Atmosferde bulunan gazlar nelerdir?
Atmosfer içinde bulunan gazlar, canlıların yaşayabilmesi için ihtiyaç duyulan gazlardır.
Atmosferin yüzde 78’i azot; yüzde 21’i oksijenden oluşuyor. Geriye kalan kısmıysa su buharı, argon, karbondioksit, neon, helyum, metan, kripton, hidrojen, ozon ve ksenonundur.
Bilindiği üzere havaya nazaran ağır olan gazlar çöker, hafif olan gazlar uçar. Bu yüzden uçan balonlarımızı hafif olan hidrojen ve helyum gibi gazlarla doldururuz. Mutfak tüpleri, havadan ağır bütan ve propan gibi gazlarla doldurulduğu için, tüp kaçaklarında gaz yere çöker ve süpürülerek tahliye edilmesi önerilir. Dünyamızı çevreleyen atmosfer tabakası, yani havamız büyük oranda azot ve oksijen gaz moleküllerinden müteşekkil, oldukça homojen bir karışım gazıdır. Oksijen azottan biraz daha ağır bir moleküldür (Oksijen, O2: 32 g/mol, Azot, N2: 28 g/mol). Peki, neden milyarlarca yıl geçmiş olmasına rağmen hala oksijen azota göre çökelmemiş? Soruyu daha da ilgi çekici hale getirelim: Ya oksijen çökelmiş olsaydı ve atmosferin en alt tabakası oksijenden oluşsaydı?

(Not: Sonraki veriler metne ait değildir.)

(* Let $k$ be an algebraically closed field, $n\ge1$, $1\le g\le n$, let $K$ be as in the context, let $\lambda\in k\setminus\{0\}$ and $m\in\mathbb N$. Let $R_m^\lambda$ be the full subcategory of $\operatorname{rep}K$ with objects $V_d^\lambda$, $1\le d\le m+2$. Let $Q_m^\lambda$ be the quiver with vertices $(\lambda,1),\dots,(\lambda,m+2)$ and arrows $\pi_\lambda(r):(\lambda,r+1)\to(\lambda,r)$ and $\rho_\lambda(r):(\lambda,r)\to(\lambda,r+1)$ for $r=1,\dots,m+1$. Let $F_\lambda:kQ_m^\lambda\to R_m^\lambda$ be the $k$-linear functor with $F_\lambda(\lambda,r)=V_r^\lambda$, where $F_\lambda\pi_\lambda(r):V_{r+1}^\lambda\to V_r^\lambda$ is given at every vertex of $K$ by the matrix $\begin{pmatrix}\mathbf 1_r & 0\end{pmatrix}\in k^{r\times(r+1)}$ and $F_\lambda\rho_\lambda(r):V_r^\lambda\to V_{r+1}^\lambda$ is given at every vertex by $\begin{pmatrix}0\\ \mathbf 1_r\end{pmatrix}\in k^{(r+1)\times r}$. Then $F_\lambda$ induces an isomorphism between the quotient of the path category $kQ_m^\lambda$ by the ideal generated by (1) $\pi_\lambda(r+1)\circ\rho_\lambda(r+1)=\rho_\lambda(r)\circ\pi_\lambda(r)$ for $r=1,\dots,m$, and (2) $\pi_\lambda(1)\circ\rho_\lambda(1)=0$, and the $k$-category $R_m^\lambda$.
   Context: $K$: quiver with vertices $0,\dots,n$ and arrows $\beta_x:x\to x+1$ ($0\le x\le g-1$) and $\alpha_x:x+1\to x$ ($g\le x\le n$), indices modulo $n+1$; $\operatorname{rep}K$ is the category of finite-dimensional representations. For $d\ge1$, $V_d^\lambda$ is the representation with $V_d^\lambda(x)=k^d$ at every vertex, $V_d^\lambda(\beta_{g-1})=\lambda\,\mathrm{id}_d+J_d$, and $V_d^\lambda(\gamma)=\mathrm{id}_d$ for every other arrow $\gamma$, where $J_d$ is the $d\times d$ matrix with entries $1$ directly below the diagonal and $0$ elsewhere. $\mathbf 1_r$ is the $r\times r$ identity matrix. Composition $\circ$ is written right to left (apply the right factor first). *)

theory Defs
  imports "Jordan_Normal_Form.Matrix" "HOL-Computational_Algebra.Polynomial"
begin

datatype arrK = Beta nat | Alpha nat

definition arrowsK :: "nat \<Rightarrow> nat \<Rightarrow> arrK set" where
  "arrowsK n g = {Beta x | x. x < g} \<union> {Alpha x | x. g \<le> x \<and> x \<le> n}"

fun srcK :: "nat \<Rightarrow> arrK \<Rightarrow> nat" where
  "srcK n (Beta x) = x mod (n + 1)"
| "srcK n (Alpha x) = (x + 1) mod (n + 1)"

fun tgtK :: "nat \<Rightarrow> arrK \<Rightarrow> nat" where
  "tgtK n (Beta x) = (x + 1) mod (n + 1)"
| "tgtK n (Alpha x) = x mod (n + 1)"

text \<open>A representation of K: dimension vector and a matrix for every arrow
  (matrix acting on column vectors, size dim(target) x dim(source)).\<close>
type_synonym 'a repK = "(nat \<Rightarrow> nat) \<times> (arrK \<Rightarrow> 'a mat)"

definition is_repK :: "nat \<Rightarrow> nat \<Rightarrow> 'a repK \<Rightarrow> bool" where
  "is_repK n g V \<longleftrightarrow> (\<forall>\<gamma>\<in>arrowsK n g.
     snd V \<gamma> \<in> carrier_mat (fst V (tgtK n \<gamma>)) (fst V (srcK n \<gamma>)))"

definition homK :: "nat \<Rightarrow> nat \<Rightarrow> 'a::comm_ring_1 repK \<Rightarrow> 'a repK \<Rightarrow> (nat \<Rightarrow> 'a mat) set" where
  "homK n g V W = {f. (\<forall>x\<le>n. f x \<in> carrier_mat (fst W x) (fst V x))
      \<and> (\<forall>x>n. f x = 0\<^sub>m 0 0)
      \<and> (\<forall>\<gamma>\<in>arrowsK n g. f (tgtK n \<gamma>) * snd V \<gamma> = snd W \<gamma> * f (srcK n \<gamma>))}"

definition Jmat :: "nat \<Rightarrow> 'a::comm_ring_1 mat" where
  "Jmat d = mat d d (\<lambda>(i,j). if i = j + 1 then 1 else 0)"

definition Vrep :: "nat \<Rightarrow> nat \<Rightarrow> 'a::comm_ring_1 \<Rightarrow> nat \<Rightarrow> 'a repK" where
  "Vrep n g lam d = (\<lambda>_. d,
     \<lambda>\<gamma>. if \<gamma> = Beta (g - 1) then lam \<cdot>\<^sub>m 1\<^sub>m d + Jmat d else 1\<^sub>m d)"

datatype arrQ = Pi nat | Rho nat

definition arrowsQ :: "nat \<Rightarrow> arrQ set" where
  "arrowsQ m = {Pi r | r. 1 \<le> r \<and> r \<le> m + 1} \<union> {Rho r | r. 1 \<le> r \<and> r \<le> m + 1}"

fun srcQ :: "arrQ \<Rightarrow> nat" where
  "srcQ (Pi r) = r + 1"
| "srcQ (Rho r) = r"

fun tgtQ :: "arrQ \<Rightarrow> nat" where
  "tgtQ (Pi r) = r"
| "tgtQ (Rho r) = r + 1"

text \<open>Paths are lists of arrows in order of application (first arrow applied first);
  so the composite \<open>q \<circ> p\<close> is the list \<open>p @ q\<close>.\<close>
fun is_path :: "nat \<Rightarrow> nat \<Rightarrow> nat \<Rightarrow> arrQ list \<Rightarrow> bool" where
  "is_path m s t [] \<longleftrightarrow> s = t \<and> 1 \<le> s \<and> s \<le> m + 2"
| "is_path m s t (\<gamma> # p) \<longleftrightarrow> \<gamma> \<in> arrowsQ m \<and> srcQ \<gamma> = s \<and> 1 \<le> s \<and> s \<le> m + 2
     \<and> is_path m (tgtQ \<gamma>) t p"

definition kQ :: "nat \<Rightarrow> nat \<Rightarrow> nat \<Rightarrow> (arrQ list \<Rightarrow> 'a::field) set" where
  "kQ m d e = {c. finite {p. c p \<noteq> 0} \<and> (\<forall>p. c p \<noteq> 0 \<longrightarrow> is_path m d e p)}"

definition ind :: "arrQ list \<Rightarrow> arrQ list \<Rightarrow> 'a::field" where
  "ind p = (\<lambda>q. if q = p then 1 else 0)"

text \<open>Generators of the ideal in kQ(d,e): u \<circ> rel \<circ> v for paths v : d \<rightarrow> a, u : a \<rightarrow> e,
  where rel is one of the relations
  (1) pi(r+1) \<circ> rho(r+1) - rho(r) \<circ> pi(r)  (r = 1..m, at vertex r+1),
  (2) pi(1) \<circ> rho(1)  (at vertex 1).\<close>
definition gensI :: "nat \<Rightarrow> nat \<Rightarrow> nat \<Rightarrow> (arrQ list \<Rightarrow> 'a::field) set" where
  "gensI m d e =
     {ind (v @ [Rho (r + 1), Pi (r + 1)] @ u) - ind (v @ [Pi r, Rho r] @ u) | v u r.
        1 \<le> r \<and> r \<le> m \<and> is_path m d (r + 1) v \<and> is_path m (r + 1) e u}
   \<union> {ind (v @ [Rho 1, Pi 1] @ u) | v u. is_path m d 1 v \<and> is_path m 1 e u}"

inductive_set idealI :: "nat \<Rightarrow> nat \<Rightarrow> nat \<Rightarrow> (arrQ list \<Rightarrow> 'a::field) set"
  for m d e where
  zero: "(\<lambda>_. 0) \<in> idealI m d e"
| step: "x \<in> idealI m d e \<Longrightarrow> y \<in> gensI m d e \<Longrightarrow> (\<lambda>p. a * y p + x p) \<in> idealI m d e"

definition Farr :: "arrQ \<Rightarrow> 'a::comm_ring_1 mat" where
  "Farr \<gamma> = (case \<gamma> of
      Pi r \<Rightarrow> mat r (r + 1) (\<lambda>(i,j). if i = j then 1 else 0)
    | Rho r \<Rightarrow> mat (r + 1) r (\<lambda>(i,j). if i = j + 1 then 1 else 0))"

fun Mpath :: "nat \<Rightarrow> arrQ list \<Rightarrow> 'a::comm_ring_1 mat" where
  "Mpath d [] = 1\<^sub>m d"
| "Mpath d (\<gamma> # p) = Mpath (tgtQ \<gamma>) p * Farr \<gamma>"

definition Fhom :: "nat \<Rightarrow> nat \<Rightarrow> nat \<Rightarrow> (arrQ list \<Rightarrow> 'a::field) \<Rightarrow> (nat \<Rightarrow> 'a mat)" where
  "Fhom n d e c = (\<lambda>x. if x \<le> n then
      mat e d (\<lambda>(i,j). \<Sum>p\<in>{p. c p \<noteq> 0}. c p * (Mpath d p $$ (i,j)))
     else 0\<^sub>m 0 0)"

definition zero_hom :: "nat \<Rightarrow> nat \<Rightarrow> nat \<Rightarrow> (nat \<Rightarrow> 'a::comm_ring_1 mat)" where
  "zero_hom n d e = (\<lambda>x. if x \<le> n then 0\<^sub>m e d else 0\<^sub>m 0 0)"

end

theory Submission imports Defs begin

text \<open>
  Every arrow matrix of \<open>F\<^sub>\<lambda>\<close> commutes with the nilpotent Jordan blocks \<open>J\<close>, and a morphism
  \<open>V\<^sub>d\<^sup>\<lambda> \<rightarrow> V\<^sub>e\<^sup>\<lambda>\<close> is one matrix \<open>M\<close>, the same at every vertex (all arrows but \<open>\<beta>\<^sub>g\<^sub>-\<^sub>1\<close> act as
  identities), with \<open>M (\<lambda> + J) = (\<lambda> + J) M\<close>, i.e. \<open>M J = J M\<close>. Such \<open>e \<times> d\<close> matrices are the
  lower triangular Toeplitz matrices with \<open>min d e\<close> free diagonals.

  Modulo relations (1) and (2), every path \<open>d \<rightarrow> e\<close> is zero or equal to one of the \<open>min d e\<close>
  normal paths, which descend from \<open>d\<close> to some \<open>l\<close> and then ascend to \<open>e\<close>: appending an arrow
  to a normal path either keeps it normal (an ascent), or (a descent) the new arrow is commuted by
  (1) in front of the run of ascents, where it extends the descent or, at vertex \<open>1\<close>, is killed
  by (2). The
  normal paths are sent to the matrix units of the Toeplitz diagonals, which are linearly
  independent and span. Hence \<open>F\<^sub>\<lambda>\<close> is full, and an element of the kernel, being congruent to a
  combination of normal paths with zero image, lies in the ideal.
\<close>

section \<open>Matrices commuting with the nilpotent Jordan block\<close>

lemma Jmat_carrier: "Jmat d \<in> carrier_mat d d"
  by (simp add: Jmat_def)

definition shift_commuting :: "nat \<Rightarrow> nat \<Rightarrow> 'a::comm_ring_1 mat \<Rightarrow> bool" where
  "shift_commuting e d M \<longleftrightarrow> (\<forall>i<e. \<forall>j<d.
     (if j + 1 < d then M $$ (i, j + 1) else 0) = (if 0 < i then M $$ (i - 1, j) else 0))"

lemma mult_Jmat_entry:
  assumes "M \<in> carrier_mat e d" "i < e" "j < d"
  shows "(M * Jmat d) $$ (i, j) = (if j + 1 < d then M $$ (i, j + 1) else 0)"
proof -
  have "(M * Jmat d) $$ (i, j) = (\<Sum>q\<in>{0..<d}. M $$ (i, q) * (if q = j + 1 then 1 else 0))"
    using assms by (simp add: Jmat_def scalar_prod_def)
  also have "\<dots> = (\<Sum>q\<in>{0..<d}. if q = j + 1 then M $$ (i, j + 1) else 0)"
    by (rule sum.cong) auto
  finally show ?thesis by (simp add: sum.delta)
qed

lemma Jmat_mult_entry:
  assumes "M \<in> carrier_mat e d" "i < e" "j < d"
  shows "(Jmat e * M) $$ (i, j) = (if 0 < i then M $$ (i - 1, j) else 0)"
proof -
  have "(Jmat e * M) $$ (i, j) = (\<Sum>q\<in>{0..<e}. if q = i - 1 \<and> 0 < i then M $$ (i - 1, j) else 0)"
    using assms by (auto simp: Jmat_def scalar_prod_def intro!: sum.cong)
  then show ?thesis
    using assms by (cases i) (simp_all add: sum.delta)
qed

lemma commutes_Jmat_iff_shift_commuting:
  assumes M: "M \<in> carrier_mat e d"
  shows "M * Jmat d = Jmat e * M \<longleftrightarrow> shift_commuting e d M"
proof
  assume "M * Jmat d = Jmat e * M"
  then show "shift_commuting e d M"
    using mult_Jmat_entry[OF M] Jmat_mult_entry[OF M] unfolding shift_commuting_def by metis
next
  assume "shift_commuting e d M"
  then show "M * Jmat d = Jmat e * M"
    using M mult_Jmat_entry[OF M] Jmat_mult_entry[OF M]
    by (intro eq_matI) (auto simp: shift_commuting_def Jmat_def)
qed

lemma commutes_Jordan_block_iff:
  fixes M :: "'a::comm_ring_1 mat"
  assumes M: "M \<in> carrier_mat e d"
  shows "M * (lam \<cdot>\<^sub>m 1\<^sub>m d + Jmat d) = (lam \<cdot>\<^sub>m 1\<^sub>m e + Jmat e) * M \<longleftrightarrow> M * Jmat d = Jmat e * M"
proof -
  have "M * (lam \<cdot>\<^sub>m 1\<^sub>m d + Jmat d) = lam \<cdot>\<^sub>m M + M * Jmat d"
    using mult_add_distrib_mat[OF M _ Jmat_carrier] mult_smult_distrib[OF M one_carrier_mat] M by simp
  moreover have "(lam \<cdot>\<^sub>m 1\<^sub>m e + Jmat e) * M = lam \<cdot>\<^sub>m M + Jmat e * M"
    using add_mult_distrib_mat[OF _ Jmat_carrier M] mult_smult_assoc_mat[OF one_carrier_mat M] M by simp
  moreover have "lam \<cdot>\<^sub>m M + A = lam \<cdot>\<^sub>m M + B \<longleftrightarrow> A = B"
    if "A \<in> carrier_mat e d" "B \<in> carrier_mat e d" for A B
  proof
    assume H: "lam \<cdot>\<^sub>m M + A = lam \<cdot>\<^sub>m M + B"
    show "A = B"
    proof (rule eq_matI)
      fix i j assume "i < dim_row B" "j < dim_col B"
      then show "A $$ (i, j) = B $$ (i, j)"
        using arg_cong[OF H, of "\<lambda>X. X $$ (i, j)"] that M by simp
    qed (use that in auto)
  qed simp
  moreover have "M * Jmat d \<in> carrier_mat e d" "Jmat e * M \<in> carrier_mat e d"
    using mult_carrier_mat[OF M Jmat_carrier] mult_carrier_mat[OF Jmat_carrier M] by auto
  ultimately show ?thesis
    by metis
qed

Canlıların solunumu, dolayısıyla yaşamın devamı için elzem olan oksijen, yakıcı bir elementtir. Atmosferde oksijenin çok fazla olması da en ufak bir kıvılcımın sönmeyen yangınlara sebep olması anlamına gelir. Yani oksijen yeryüzüne çökmüş olsa idi, bütün canlılar kolaylıkla yanacak, yok olacaktı. Allah’a şükür ki atmosferimizdeki %21 oranındaki oksijen %78 oranındaki azot ile seyreltilmiştir. Azot, çok yüksek sıcaklıklara çıkılmadıkça yanmaz. Kuru havanın kalan yüzde birlik kısmı da çok büyük oranda Argon gazıdır. Argon gerek oksijenden gerek azottan daha ağır (Ar: 40 g/mol) ve tek atomlu bir soy gazdır, o da yanmaz. Yani atmosferimizde, yeterli miktarda yakıcı oksijen, yanıcı olmayan gazlarla seyrelmiş durumdadır; dünyamızdaki yaşamın devamı için uygun beşte birlik orandaki oksijenli gaz karışımı bu şekilde mevcuttur.
Şimdi gelelim ilk sorumuza: Oksijen niye çökelmiyor? Cevap şaşırtıcı! Aslında çökelirdi ama atmosferimizdeki sıcaklık, havanın homojen bir karışımda kalmasına neden oluyor. Sıcaklık, moleküllerin birbirlerine göre hızlarının bir ölçüsüdür. Sıcaklık yüksek olunca da gazlar güzel karışıyor. Havayı oluşturan moleküllerin ortalama hızı, ses hızından (1235 km/saat) bile yüksektir. Yani o küçücük, gözümüzün göremediği moleküller böyle yüksek hızlarla etrafımızda uçuşmakta, birbirleri ile çarpışmaktalar. Böylece hava iyice karışmış, homojen bir gaz niteliğinde oluyor. Bununla birlikte, geçen milyarlarca yıl boyunca hafif olan gazlar yükselerek uzaya kaçmış, ağır olanlar da okyanuslarda çökelerek çözünmüştür. Örneğin okyanuslardaki azot oranı havadakinden azken, okyanuslardaki oksijen, argon ve karbondioksit (CO2: 44 g/mol) oranları havadakinden fazladır.